SUMMARY OF THE INVENTION The present invention has been made to solve the above-mentioned problems, and an object of the present invention is to provide a method and apparatus for detaching and attaching only one detachable sensor module using a drone to a structure such as a bridge or a building, Which is capable of performing efficient inspection of a structure by performing a dron operation on a vibration-based structure, and a method thereof.
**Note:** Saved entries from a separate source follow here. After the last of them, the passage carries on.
definition prox :: "real \<Rightarrow> ('a::real_normed_vector \<Rightarrow> ereal) \<Rightarrow> 'a \<Rightarrow> 'a" where
  "prox \<gamma> \<phi> xb = (THE p. \<forall>y. \<phi> p + ereal (1 / (2 * \<gamma>) * (norm (p - xb))\<^sup>2)
                               \<le> \<phi> y + ereal (1 / (2 * \<gamma>) * (norm (y - xb))\<^sup>2))"

definition moreau :: "real \<Rightarrow> ('b::real_normed_vector \<Rightarrow> real) \<Rightarrow> 'b \<Rightarrow> real" where
  "moreau \<mu> g zb = (INF z. g z + 1 / (2 * \<mu>) * (norm (z - zb))\<^sup>2)"

definition resid :: "real \<Rightarrow> ('a::real_inner \<Rightarrow> real) \<Rightarrow> ('a \<Rightarrow> ereal) \<Rightarrow> 'a \<Rightarrow> real" where
  "resid \<gamma> F \<phi> x = norm ((1 / \<gamma>) *\<^sub>R (x - prox \<gamma> \<phi> (x - \<gamma> *\<^sub>R grad F x)))"

end

theory Submission
  imports Defs
begin

text \<open>The quantity \<open>\<Psi> n = F n (x n) + \<phi> (x n) + \<mu> n * Lg\<^sup>2 / 2\<close> is a Lyapunov function.
  The Moreau envelope satisfies \<open>g - \<mu> Lg\<^sup>2 / 2 \<le> moreau \<mu> g\<close> and
  \<open>moreau \<mu>' g \<le> moreau \<mu> g + (\<mu> - \<mu>') * Lg\<^sup>2 / 2\<close> for \<open>\<mu>' \<le> \<mu>\<close>, so for nonincreasing \<open>\<mu>\<close>
  the descent condition makes \<open>\<Psi>\<close> drop by at least \<open>c * \<gamma> n * (resid (\<gamma> n))\<^sup>2\<close> per step, while
  \<open>\<Psi>\<close> stays above \<open>min (h + g \<circ> S + \<phi>)\<close>; hence \<open>\<Sum> \<gamma> n * (resid (\<gamma> n))\<^sup>2 < \<infinity>\<close>.
  Since \<open>\<gamma> n \<ge> \<kappa> * \<mu> n\<close> and the residual is nonincreasing in the step size (monotonicity of
  \<open>\<partial>\<phi>\<close>, read off the variational inequality of the prox), \<open>\<Sum> \<mu> n * (resid \<gamma>bar)\<^sup>2 < \<infinity>\<close>,
  and \<open>\<Sum> \<mu> n = \<infinity>\<close> forces the residuals at \<open>\<gamma>bar\<close> to come arbitrarily close to zero.\<close>

lemma convex_funD:
  fixes \<phi> :: "'a::real_vector \<Rightarrow> ereal"
  assumes "convex_fun \<phi>" "\<phi> x \<le> ereal a" "\<phi> y \<le> ereal b" "0 \<le> t" "t \<le> 1"
  shows "\<phi> ((1 - t) *\<^sub>R x + t *\<^sub>R y) \<le> ereal ((1 - t) * a + t * b)"
proof -
  have "(x, a) \<in> epi \<phi>" "(y, b) \<in> epi \<phi>"
    using assms by (auto simp: epi_def)
  then have "(1 - t) *\<^sub>R (x, a) + t *\<^sub>R (y, b) \<in> epi \<phi>"
    using assms(1,4,5) unfolding convex_fun_def by (intro convexD) auto
  then show ?thesis by (simp add: epi_def)
qed

lemma lsc_fun_closed_sublevel:
  fixes f :: "'a::topological_space \<Rightarrow> ereal"
  assumes "lsc_fun f"
  shows "closed {y. f y \<le> ereal t}"
proof -
  have "{y. f y \<le> ereal t} = (\<lambda>y. (y, t)) -` epi f"
    by (auto simp: epi_def)
  then show ?thesis
    using assms unfolding lsc_fun_def by (simp add: closed_vimage continuous_on_Pair)
qed

lemma lsc_fun_add_continuous:
  fixes \<phi> :: "'a::topological_space \<Rightarrow> ereal"
  assumes "lsc_fun \<phi>" "continuous_on UNIV q"
  shows "lsc_fun (\<lambda>y. \<phi> y + ereal (q y))"
proof -
  have "\<phi> y + ereal (q y) \<le> ereal t \<longleftrightarrow> \<phi> y \<le> ereal (t - q y)" for y t
    by (cases "\<phi> y") auto
  then have "epi (\<lambda>y. \<phi> y + ereal (q y)) = (\<lambda>z. (fst z, snd z - q (fst z))) -` epi \<phi>"
    by (auto simp: epi_def)
  moreover have "continuous_on UNIV (\<lambda>z. (fst z, snd z - q (fst z)))"
    by (intro continuous_intros continuous_on_compose2[OF assms(2)]) auto
  ultimately show ?thesis
    using assms(1) unfolding lsc_fun_def by (simp add: closed_vimage)
qed

lemma lsc_fun_tendsto_le:
  fixes f :: "'a::topological_space \<Rightarrow> ereal"
  assumes "lsc_fun f" "y \<longlonglongrightarrow> l" "(\<lambda>k. f (y k)) \<longlonglongrightarrow> v"
  shows "f l \<le> v"
proof (rule dense_ge)
  fix w assume "v < w"
  show "f l \<le> w"
  proof (cases w)
    case (real t)
    have "eventually (\<lambda>k. y k \<in> {y. f y \<le> ereal t}) sequentially"
      using order_tendstoD(2)[OF assms(3) \<open>v < w\<close>] real by (auto elim: eventually_mono)
    then have "l \<in> {y. f y \<le> ereal t}"
      using lsc_fun_closed_sublevel[OF assms(1)] assms(2) by (intro Lim_in_closed_set) auto
    then show ?thesis using real by simp
  qed (use \<open>v < w\<close> in auto)
qed

lemma lsc_fun_attains_min_on_compact:
  fixes f :: "'a::metric_space \<Rightarrow> ereal"
  assumes "lsc_fun f" "compact K" "K \<noteq> {}"
  obtains p where "p \<in> K" "\<And>y. y \<in> K \<Longrightarrow> f p \<le> f y"
proof -
  obtain u where u: "\<And>n. u n \<in> f ` K" "u \<longlonglongrightarrow> Inf (f ` K)"
    using Inf_as_limit[of "f ` K"] assms(3) by auto
  have "\<forall>n. \<exists>z. z \<in> K \<and> f z = u n"
    using u(1) by (metis imageE)
  then obtain y where y: "\<And>n. y n \<in> K" "\<And>n. f (y n) = u n"
    by metis
  obtain l r where l: "l \<in> K" and r: "strict_mono r" and lim: "(y \<circ> r) \<longlonglongrightarrow> l"
    using seq_compactE[OF compact_imp_seq_compact[OF assms(2)]] y(1) by metis
  have "(\<lambda>k. f ((y \<circ> r) k)) \<longlonglongrightarrow> Inf (f ` K)"
    using LIMSEQ_subseq_LIMSEQ[OF u(2) r] y(2) by (simp add: o_def)
  then have "f l \<le> Inf (f ` K)"
    by (rule lsc_fun_tendsto_le[OF assms(1) lim])
  then have "f l \<le> f y" if "y \<in> K" for y
    using INF_lower[OF that] by (rule order.trans)
  then show thesis
    using that l by blast
qed

lemma proper_lsc_fun_bdd_below_on_compact:
  fixes f :: "'a::metric_space \<Rightarrow> ereal"
  assumes "proper_fun f" "lsc_fun f" "compact K"
  obtains m where "\<And>y. y \<in> K \<Longrightarrow> ereal m \<le> f y"
proof (cases "K = {}")
  case False
  then obtain p where p: "p \<in> K" "\<And>y. y \<in> K \<Longrightarrow> f p \<le> f y"
    using lsc_fun_attains_min_on_compact[OF assms(2,3)] by blast
  have "ereal (real_of_ereal (f p)) \<le> f p"
    using assms(1) by (cases "f p") (auto simp: proper_fun_def)
  then show thesis
    using that p by (meson order_trans)
qed simp

lemma proper_fun_edomE:
  assumes "proper_fun \<phi>" "x \<in> edom \<phi>"
  obtains a where "\<phi> x = ereal a"
  using assms by (cases "\<phi> x") (auto simp: proper_fun_def edom_def)

lemma proper_convex_lsc_fun_norm_minorant:
  fixes f :: "'a::{real_normed_vector, heine_borel} \<Rightarrow> ereal"
  assumes "proper_fun f" "lsc_fun f" "convex_fun f" "f x0 = ereal f0"
  obtains m C where "0 \<le> C" "\<And>y. ereal (m - C * norm (y - x0)) \<le> f y"
proof -
  \<comment> \<open>Convexity along segments from \<open>x0\<close> propagates the lower bound on the unit ball
    outwards, with a linear loss.\<close>
  obtain m where m: "\<And>y. y \<in> cball x0 1 \<Longrightarrow> ereal m \<le> f y"
    using proper_lsc_fun_bdd_below_on_compact[OF assms(1,2) compact_cball] by blast
  define C where "C = f0 - m"
  have "m \<le> f0" using m[of x0] assms(4) by simp
  then have "0 \<le> C" by (simp add: C_def)
  have "ereal (m - C * norm (y - x0)) \<le> f y" for y
  proof (cases "norm (y - x0) \<le> 1")
    case True
    then have "ereal m \<le> f y" using m by (simp add: dist_norm norm_minus_commute)
    moreover have "m - C * norm (y - x0) \<le> m" using \<open>0 \<le> C\<close> by simp
    ultimately show ?thesis by (metis ereal_less_eq(3) order.trans)
  next
    case False
    define D where "D = norm (y - x0)"
    have "1 < D" using False by (simp add: D_def)
    show ?thesis
    proof (cases "f y")
      case (real b)
      define z where "z = (1 - 1 / D) *\<^sub>R x0 + (1 / D) *\<^sub>R y"
      have "z - x0 = (1 / D) *\<^sub>R (y - x0)" by (simp add: z_def algebra_simps)
      then have "norm (z - x0) = 1" using \<open>1 < D\<close> by (simp add: D_def [symmetric])
      then have "ereal m \<le> f z" using m by (simp add: dist_norm norm_minus_commute)
      also have "f z \<le> ereal ((1 - 1 / D) * f0 + (1 / D) * b)"
        unfolding z_def by (rule convex_funD[OF assms(3)]) (use assms(4) real \<open>1 < D\<close> in auto)
      finally have "D * m \<le> D * ((1 - 1 / D) * f0 + (1 / D) * b)"
        using \<open>1 < D\<close> by simp
      also have "\<dots> = D * f0 - f0 + b" using \<open>1 < D\<close> by (simp add: field_simps)
      finally have "m - C * D \<le> b" using \<open>m \<le> f0\<close> by (simp add: C_def algebra_simps)
      then show ?thesis using real by (simp add: D_def)
    next
      case MInf
      then show ?thesis using assms(1) by (simp add: proper_fun_def)
    qed simp
  qed
  then show thesis using that \<open>0 \<le> C\<close> by blast
qed

lemma young_ineq_sq:
  fixes a b \<gamma> :: real
  assumes "0 < \<gamma>"
  shows "a * b \<le> 1 / (2 * \<gamma>) * b\<^sup>2 + \<gamma> * a\<^sup>2 / 2"
proof -
  have "0 \<le> (b - \<gamma> * a)\<^sup>2 / (2 * \<gamma>)" using assms by simp
  also have "\<dots> = 1 / (2 * \<gamma>) * b\<^sup>2 + \<gamma> * a\<^sup>2 / 2 - a * b"
    using assms by (simp add: field_simps power2_eq_square)
  finally show ?thesis by simp
qed

definition prox_objective :: "real \<Rightarrow> ('a::real_normed_vector \<Rightarrow> ereal) \<Rightarrow> 'a \<Rightarrow> 'a \<Rightarrow> ereal"
  where "prox_objective \<gamma> \<phi> u y = \<phi> y + ereal (1 / (2 * \<gamma>) * (norm (y - u))\<^sup>2)"

lemma prox_eq_THE_min:
  "prox \<gamma> \<phi> u = (THE p. \<forall>y. prox_objective \<gamma> \<phi> u p \<le> prox_objective \<gamma> \<phi> u y)"
  by (simp add: prox_def prox_objective_def)

lemma lsc_fun_prox_objective:
  fixes \<phi> :: "'a::real_normed_vector \<Rightarrow> ereal"
  assumes "lsc_fun \<phi>"
  shows "lsc_fun (prox_objective \<gamma> \<phi> u)"
  unfolding prox_objective_def
  by (intro lsc_fun_add_continuous assms continuous_intros)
According to another aspect of the present invention, there is provided a method of analyzing and determining damage to a structure corresponding to signal processing and frequency-dependent impedance by a probabilistic neural network method according to an electromechanical impedance technique, The present invention relates to a system and method for detecting damage to a vibration based structure using a drones.

According to an aspect of the present invention, there is provided a damage detection system for a vibration based structure using a dron according to the present invention, Drones flying to make; A drone manipulator for remotely controlling the drone by radio; A sensor for detecting a damage to the structure, the sensor module being attached to a sensor mounting position of the structure to measure the structure and then being detached from the structure; A sensor attaching unit installed on the drone and remotely controlled by the drone manipulator, for attaching or detaching the detachable sensor module to or from the structure; And a structure damage judging unit for judging whether the structure is damaged according to the measured value measured by the detachable sensor module. The detachable sensor module measures the attachment position of the structure by the vibration-based nondestructive inspection method, The structure is further moved by the drone to a position where the next sensor is attached to the structure.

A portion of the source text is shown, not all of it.